(Problem description)
The material below contains a line with "k :]) = monom" and a line with "using assms by (intro poly_eqI)". Copy exactly those two lines and all lines between them.

(Dataset records)
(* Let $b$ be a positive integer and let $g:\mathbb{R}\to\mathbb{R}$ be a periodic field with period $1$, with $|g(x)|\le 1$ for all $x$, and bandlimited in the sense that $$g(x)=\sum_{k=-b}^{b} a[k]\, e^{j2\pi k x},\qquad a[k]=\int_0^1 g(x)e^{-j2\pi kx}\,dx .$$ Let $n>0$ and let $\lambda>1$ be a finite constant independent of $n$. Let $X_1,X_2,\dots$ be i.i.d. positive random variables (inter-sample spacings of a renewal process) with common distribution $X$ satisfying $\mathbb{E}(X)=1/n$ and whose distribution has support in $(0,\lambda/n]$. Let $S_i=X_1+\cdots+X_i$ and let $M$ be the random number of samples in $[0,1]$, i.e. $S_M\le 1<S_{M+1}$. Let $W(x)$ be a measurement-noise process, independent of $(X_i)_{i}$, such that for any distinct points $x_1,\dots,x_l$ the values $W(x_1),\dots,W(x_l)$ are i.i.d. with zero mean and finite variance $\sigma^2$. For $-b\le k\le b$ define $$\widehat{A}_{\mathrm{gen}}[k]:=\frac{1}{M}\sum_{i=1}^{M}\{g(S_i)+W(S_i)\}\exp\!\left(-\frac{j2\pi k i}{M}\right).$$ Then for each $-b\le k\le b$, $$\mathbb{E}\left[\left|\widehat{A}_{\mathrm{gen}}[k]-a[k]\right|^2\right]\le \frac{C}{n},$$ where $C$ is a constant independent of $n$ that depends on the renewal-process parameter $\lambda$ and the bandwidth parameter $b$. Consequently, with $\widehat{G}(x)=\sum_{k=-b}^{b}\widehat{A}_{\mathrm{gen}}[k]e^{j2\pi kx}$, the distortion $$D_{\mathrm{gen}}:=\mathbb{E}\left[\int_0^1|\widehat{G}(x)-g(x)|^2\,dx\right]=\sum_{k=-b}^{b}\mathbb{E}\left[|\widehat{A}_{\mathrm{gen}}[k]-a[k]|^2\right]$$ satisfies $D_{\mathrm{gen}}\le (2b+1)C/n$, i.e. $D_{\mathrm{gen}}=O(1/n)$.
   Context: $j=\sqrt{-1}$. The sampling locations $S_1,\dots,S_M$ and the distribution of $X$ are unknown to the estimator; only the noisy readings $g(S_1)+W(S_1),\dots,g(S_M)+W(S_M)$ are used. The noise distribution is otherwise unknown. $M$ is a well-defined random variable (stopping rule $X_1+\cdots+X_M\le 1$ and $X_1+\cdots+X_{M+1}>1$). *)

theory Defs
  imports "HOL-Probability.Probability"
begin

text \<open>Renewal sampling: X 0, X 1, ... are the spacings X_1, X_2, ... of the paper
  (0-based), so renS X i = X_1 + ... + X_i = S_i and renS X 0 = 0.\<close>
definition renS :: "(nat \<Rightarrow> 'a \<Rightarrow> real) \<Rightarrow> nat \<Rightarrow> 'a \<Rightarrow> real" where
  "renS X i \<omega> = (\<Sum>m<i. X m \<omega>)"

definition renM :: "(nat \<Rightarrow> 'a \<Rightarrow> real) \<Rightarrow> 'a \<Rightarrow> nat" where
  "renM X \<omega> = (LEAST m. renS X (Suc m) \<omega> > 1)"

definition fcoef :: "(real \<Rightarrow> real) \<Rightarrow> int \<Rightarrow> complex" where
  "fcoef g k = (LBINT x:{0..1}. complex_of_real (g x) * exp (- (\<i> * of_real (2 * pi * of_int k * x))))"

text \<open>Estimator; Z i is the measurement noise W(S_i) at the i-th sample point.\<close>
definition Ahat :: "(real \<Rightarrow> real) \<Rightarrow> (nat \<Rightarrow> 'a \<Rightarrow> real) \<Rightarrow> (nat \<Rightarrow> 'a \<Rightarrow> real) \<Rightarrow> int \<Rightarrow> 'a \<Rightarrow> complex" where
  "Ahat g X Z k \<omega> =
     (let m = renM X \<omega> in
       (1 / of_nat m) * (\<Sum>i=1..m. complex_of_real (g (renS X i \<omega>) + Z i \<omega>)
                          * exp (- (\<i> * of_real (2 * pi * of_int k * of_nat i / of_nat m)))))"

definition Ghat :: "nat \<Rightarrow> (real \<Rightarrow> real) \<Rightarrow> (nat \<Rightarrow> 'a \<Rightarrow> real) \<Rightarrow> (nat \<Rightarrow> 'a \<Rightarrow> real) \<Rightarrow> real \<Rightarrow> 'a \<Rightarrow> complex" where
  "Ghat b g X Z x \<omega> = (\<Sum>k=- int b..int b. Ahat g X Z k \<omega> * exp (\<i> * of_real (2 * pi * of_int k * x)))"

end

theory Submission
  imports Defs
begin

--

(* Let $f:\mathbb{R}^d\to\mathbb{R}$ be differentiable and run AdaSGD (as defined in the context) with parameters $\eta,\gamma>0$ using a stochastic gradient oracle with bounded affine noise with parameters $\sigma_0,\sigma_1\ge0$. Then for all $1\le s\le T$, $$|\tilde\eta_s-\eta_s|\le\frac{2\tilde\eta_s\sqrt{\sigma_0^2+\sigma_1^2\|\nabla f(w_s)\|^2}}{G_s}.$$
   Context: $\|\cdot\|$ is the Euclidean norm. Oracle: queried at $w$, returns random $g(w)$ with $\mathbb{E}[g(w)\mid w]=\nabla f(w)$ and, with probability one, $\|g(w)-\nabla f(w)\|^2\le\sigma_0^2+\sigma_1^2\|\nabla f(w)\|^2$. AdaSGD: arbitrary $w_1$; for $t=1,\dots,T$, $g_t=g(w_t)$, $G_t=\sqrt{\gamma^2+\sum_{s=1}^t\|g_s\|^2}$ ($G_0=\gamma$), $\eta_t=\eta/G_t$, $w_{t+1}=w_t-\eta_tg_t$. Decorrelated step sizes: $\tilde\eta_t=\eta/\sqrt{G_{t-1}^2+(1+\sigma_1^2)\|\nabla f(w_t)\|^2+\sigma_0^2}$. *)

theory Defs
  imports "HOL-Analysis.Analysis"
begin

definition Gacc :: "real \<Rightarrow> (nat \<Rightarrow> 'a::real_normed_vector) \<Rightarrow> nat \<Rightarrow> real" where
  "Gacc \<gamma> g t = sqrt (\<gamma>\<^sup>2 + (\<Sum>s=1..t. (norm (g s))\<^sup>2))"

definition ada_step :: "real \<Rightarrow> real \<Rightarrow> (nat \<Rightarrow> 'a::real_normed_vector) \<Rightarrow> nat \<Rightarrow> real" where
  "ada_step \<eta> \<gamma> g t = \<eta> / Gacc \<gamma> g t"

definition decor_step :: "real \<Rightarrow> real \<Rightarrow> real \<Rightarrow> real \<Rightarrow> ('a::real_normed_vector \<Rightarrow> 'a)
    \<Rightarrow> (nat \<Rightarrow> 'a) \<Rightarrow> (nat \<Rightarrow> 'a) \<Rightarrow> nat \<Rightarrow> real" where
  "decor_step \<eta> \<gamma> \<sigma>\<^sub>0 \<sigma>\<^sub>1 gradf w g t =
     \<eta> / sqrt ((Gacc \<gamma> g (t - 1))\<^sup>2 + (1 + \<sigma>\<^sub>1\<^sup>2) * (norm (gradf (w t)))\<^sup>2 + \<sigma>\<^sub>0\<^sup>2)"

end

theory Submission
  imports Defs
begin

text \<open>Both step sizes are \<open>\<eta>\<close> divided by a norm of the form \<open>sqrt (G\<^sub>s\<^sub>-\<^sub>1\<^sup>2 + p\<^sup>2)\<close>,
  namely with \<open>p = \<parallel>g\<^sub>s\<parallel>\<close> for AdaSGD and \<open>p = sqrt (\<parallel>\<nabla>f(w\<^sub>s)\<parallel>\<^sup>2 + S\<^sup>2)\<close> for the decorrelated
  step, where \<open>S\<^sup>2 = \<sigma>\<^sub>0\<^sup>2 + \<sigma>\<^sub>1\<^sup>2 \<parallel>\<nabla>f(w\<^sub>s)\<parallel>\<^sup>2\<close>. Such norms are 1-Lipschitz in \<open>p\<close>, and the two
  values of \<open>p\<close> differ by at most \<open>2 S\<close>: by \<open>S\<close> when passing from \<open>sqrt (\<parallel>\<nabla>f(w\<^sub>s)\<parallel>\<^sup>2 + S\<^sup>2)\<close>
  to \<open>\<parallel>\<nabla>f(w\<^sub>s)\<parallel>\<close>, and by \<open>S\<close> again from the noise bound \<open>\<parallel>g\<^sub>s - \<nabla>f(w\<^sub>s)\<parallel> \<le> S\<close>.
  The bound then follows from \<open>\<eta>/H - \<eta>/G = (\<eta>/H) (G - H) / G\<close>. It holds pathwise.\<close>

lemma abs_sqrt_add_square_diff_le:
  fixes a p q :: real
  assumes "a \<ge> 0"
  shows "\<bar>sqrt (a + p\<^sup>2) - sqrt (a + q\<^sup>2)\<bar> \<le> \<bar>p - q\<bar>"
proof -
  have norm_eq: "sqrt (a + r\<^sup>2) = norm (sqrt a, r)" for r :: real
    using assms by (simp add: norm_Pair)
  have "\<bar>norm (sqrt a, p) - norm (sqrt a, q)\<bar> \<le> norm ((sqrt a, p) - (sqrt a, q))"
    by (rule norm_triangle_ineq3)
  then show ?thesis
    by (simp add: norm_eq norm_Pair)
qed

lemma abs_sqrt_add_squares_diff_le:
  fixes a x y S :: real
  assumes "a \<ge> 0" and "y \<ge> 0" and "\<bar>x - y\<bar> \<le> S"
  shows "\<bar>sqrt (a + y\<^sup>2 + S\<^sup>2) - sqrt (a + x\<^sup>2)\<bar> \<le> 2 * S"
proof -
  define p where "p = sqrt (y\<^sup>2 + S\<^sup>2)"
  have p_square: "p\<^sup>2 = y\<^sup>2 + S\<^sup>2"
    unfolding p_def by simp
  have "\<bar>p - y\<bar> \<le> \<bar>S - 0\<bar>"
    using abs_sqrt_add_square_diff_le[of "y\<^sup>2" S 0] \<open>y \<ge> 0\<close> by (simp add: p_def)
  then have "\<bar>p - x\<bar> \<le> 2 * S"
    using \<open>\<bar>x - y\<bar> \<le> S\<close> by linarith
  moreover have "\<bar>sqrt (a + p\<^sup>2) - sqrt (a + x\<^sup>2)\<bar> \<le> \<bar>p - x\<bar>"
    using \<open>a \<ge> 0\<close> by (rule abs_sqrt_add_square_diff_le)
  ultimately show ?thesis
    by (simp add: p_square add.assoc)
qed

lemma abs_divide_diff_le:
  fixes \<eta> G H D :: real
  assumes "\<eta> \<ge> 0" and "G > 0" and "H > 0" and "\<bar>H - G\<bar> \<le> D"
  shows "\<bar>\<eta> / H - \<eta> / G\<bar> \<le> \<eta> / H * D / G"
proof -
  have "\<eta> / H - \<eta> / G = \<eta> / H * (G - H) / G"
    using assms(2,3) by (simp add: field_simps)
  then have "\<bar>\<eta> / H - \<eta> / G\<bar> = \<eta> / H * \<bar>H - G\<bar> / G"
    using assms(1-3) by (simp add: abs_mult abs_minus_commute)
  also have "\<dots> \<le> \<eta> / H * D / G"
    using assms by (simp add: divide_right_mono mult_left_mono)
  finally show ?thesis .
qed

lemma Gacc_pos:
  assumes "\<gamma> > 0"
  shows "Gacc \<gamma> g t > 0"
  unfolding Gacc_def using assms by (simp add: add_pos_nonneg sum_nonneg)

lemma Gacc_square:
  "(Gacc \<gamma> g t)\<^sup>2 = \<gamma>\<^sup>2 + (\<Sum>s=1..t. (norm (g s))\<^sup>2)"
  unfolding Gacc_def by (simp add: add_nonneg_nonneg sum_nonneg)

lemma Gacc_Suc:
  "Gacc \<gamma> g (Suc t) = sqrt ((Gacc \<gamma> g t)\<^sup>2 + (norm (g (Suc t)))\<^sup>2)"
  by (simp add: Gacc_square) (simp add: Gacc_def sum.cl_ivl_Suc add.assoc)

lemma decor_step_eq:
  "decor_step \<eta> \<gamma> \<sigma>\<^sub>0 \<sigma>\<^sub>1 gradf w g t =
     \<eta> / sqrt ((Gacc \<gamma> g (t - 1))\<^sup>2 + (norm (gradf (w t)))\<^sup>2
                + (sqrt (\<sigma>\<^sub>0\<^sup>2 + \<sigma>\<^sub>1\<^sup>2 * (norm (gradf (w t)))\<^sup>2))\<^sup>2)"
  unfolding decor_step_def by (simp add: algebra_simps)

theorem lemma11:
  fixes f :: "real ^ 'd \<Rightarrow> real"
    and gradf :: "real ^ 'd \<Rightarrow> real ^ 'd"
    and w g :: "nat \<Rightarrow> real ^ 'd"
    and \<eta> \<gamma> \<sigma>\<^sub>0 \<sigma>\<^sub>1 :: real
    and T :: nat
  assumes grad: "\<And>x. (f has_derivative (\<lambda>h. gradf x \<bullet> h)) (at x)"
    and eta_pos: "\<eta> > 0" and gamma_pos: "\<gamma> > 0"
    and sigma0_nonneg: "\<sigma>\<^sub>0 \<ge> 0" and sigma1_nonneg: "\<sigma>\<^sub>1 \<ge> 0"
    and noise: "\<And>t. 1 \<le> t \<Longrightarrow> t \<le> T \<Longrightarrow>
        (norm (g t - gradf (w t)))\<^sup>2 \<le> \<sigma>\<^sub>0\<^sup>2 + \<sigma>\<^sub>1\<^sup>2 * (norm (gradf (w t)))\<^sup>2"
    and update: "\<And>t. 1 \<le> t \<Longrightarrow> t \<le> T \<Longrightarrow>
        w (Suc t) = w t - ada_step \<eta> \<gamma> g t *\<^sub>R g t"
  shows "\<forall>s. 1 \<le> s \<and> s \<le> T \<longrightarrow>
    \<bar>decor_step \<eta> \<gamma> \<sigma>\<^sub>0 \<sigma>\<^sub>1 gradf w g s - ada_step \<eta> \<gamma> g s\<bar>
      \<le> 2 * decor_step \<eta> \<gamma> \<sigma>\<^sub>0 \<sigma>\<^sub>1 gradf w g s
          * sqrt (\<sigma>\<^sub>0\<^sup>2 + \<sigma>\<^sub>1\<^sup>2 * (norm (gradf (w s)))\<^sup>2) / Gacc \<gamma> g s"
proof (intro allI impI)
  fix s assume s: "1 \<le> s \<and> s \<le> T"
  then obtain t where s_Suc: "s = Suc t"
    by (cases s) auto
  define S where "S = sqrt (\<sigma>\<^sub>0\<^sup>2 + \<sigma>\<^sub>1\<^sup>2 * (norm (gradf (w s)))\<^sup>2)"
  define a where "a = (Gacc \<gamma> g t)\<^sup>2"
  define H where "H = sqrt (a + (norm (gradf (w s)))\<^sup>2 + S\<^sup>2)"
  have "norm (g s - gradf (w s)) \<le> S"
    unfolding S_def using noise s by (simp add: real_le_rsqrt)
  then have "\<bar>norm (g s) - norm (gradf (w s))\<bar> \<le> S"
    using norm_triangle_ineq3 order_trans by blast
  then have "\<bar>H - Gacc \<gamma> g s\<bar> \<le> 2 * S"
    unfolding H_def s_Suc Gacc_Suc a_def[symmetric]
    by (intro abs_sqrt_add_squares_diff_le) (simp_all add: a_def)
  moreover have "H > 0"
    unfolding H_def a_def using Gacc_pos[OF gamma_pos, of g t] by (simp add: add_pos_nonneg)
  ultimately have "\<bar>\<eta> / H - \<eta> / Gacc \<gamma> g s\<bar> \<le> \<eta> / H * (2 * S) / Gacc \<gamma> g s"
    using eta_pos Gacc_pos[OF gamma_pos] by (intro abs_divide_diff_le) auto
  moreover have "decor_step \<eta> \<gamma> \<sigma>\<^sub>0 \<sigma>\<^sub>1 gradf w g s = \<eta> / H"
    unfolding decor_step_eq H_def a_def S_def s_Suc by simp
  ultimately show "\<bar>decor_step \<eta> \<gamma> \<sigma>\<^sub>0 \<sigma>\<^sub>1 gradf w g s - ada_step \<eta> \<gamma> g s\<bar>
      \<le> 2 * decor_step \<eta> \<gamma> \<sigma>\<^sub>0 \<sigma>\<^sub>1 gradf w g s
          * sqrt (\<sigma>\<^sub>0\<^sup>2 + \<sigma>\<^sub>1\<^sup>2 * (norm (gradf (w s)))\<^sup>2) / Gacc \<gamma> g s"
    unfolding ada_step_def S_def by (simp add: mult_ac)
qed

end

---

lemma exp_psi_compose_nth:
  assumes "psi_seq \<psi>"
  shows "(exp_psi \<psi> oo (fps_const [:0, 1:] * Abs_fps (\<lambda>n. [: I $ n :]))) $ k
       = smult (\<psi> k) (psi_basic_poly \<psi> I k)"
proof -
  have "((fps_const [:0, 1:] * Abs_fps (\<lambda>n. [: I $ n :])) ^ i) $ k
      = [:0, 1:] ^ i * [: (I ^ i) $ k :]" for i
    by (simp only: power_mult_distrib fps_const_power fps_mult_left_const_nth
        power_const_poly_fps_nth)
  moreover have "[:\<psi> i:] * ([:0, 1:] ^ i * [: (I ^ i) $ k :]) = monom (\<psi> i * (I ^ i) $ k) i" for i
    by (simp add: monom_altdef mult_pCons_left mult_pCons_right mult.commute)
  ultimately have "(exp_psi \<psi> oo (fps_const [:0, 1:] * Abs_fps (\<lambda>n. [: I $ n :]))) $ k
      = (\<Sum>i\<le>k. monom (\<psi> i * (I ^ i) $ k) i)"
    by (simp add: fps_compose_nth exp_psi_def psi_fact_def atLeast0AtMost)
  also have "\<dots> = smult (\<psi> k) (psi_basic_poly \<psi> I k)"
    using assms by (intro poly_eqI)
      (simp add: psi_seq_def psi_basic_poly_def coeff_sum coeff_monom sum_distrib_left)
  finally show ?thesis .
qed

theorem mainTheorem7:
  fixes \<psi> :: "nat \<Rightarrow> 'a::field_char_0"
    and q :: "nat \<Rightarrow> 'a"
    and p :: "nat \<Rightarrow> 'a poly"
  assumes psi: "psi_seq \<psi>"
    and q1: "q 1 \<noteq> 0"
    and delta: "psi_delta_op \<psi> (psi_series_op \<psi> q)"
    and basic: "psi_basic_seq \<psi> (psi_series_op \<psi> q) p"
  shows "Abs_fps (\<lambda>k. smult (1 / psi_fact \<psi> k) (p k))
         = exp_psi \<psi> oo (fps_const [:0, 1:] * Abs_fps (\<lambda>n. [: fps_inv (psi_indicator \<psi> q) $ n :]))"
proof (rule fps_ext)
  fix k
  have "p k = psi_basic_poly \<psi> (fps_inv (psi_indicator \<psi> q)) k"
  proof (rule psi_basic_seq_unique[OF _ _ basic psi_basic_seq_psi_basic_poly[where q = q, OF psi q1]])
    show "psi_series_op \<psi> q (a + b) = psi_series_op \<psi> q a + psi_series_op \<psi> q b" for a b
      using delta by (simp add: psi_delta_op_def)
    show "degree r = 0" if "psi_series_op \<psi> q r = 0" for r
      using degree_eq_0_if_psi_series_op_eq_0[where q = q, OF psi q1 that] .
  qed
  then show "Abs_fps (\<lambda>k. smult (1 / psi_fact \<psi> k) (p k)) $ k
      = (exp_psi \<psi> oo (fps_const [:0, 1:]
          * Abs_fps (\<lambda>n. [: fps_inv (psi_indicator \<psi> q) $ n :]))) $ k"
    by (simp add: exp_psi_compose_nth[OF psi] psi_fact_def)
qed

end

(Answer space)
  moreover have "[:\<psi> i:] * ([:0, 1:] ^ i * [: (I ^ i) $ k :]) = monom (\<psi> i * (I ^ i) $ k) i" for i
    by (simp add: monom_altdef mult_pCons_left mult_pCons_right mult.commute)
  ultimately have "(exp_psi \<psi> oo (fps_const [:0, 1:] * Abs_fps (\<lambda>n. [: I $ n :]))) $ k
      = (\<Sum>i\<le>k. monom (\<psi> i * (I ^ i) $ k) i)"
    by (simp add: fps_compose_nth exp_psi_def psi_fact_def atLeast0AtMost)
  also have "\<dots> = smult (\<psi> k) (psi_basic_poly \<psi> I k)"
    using assms by (intro poly_eqI)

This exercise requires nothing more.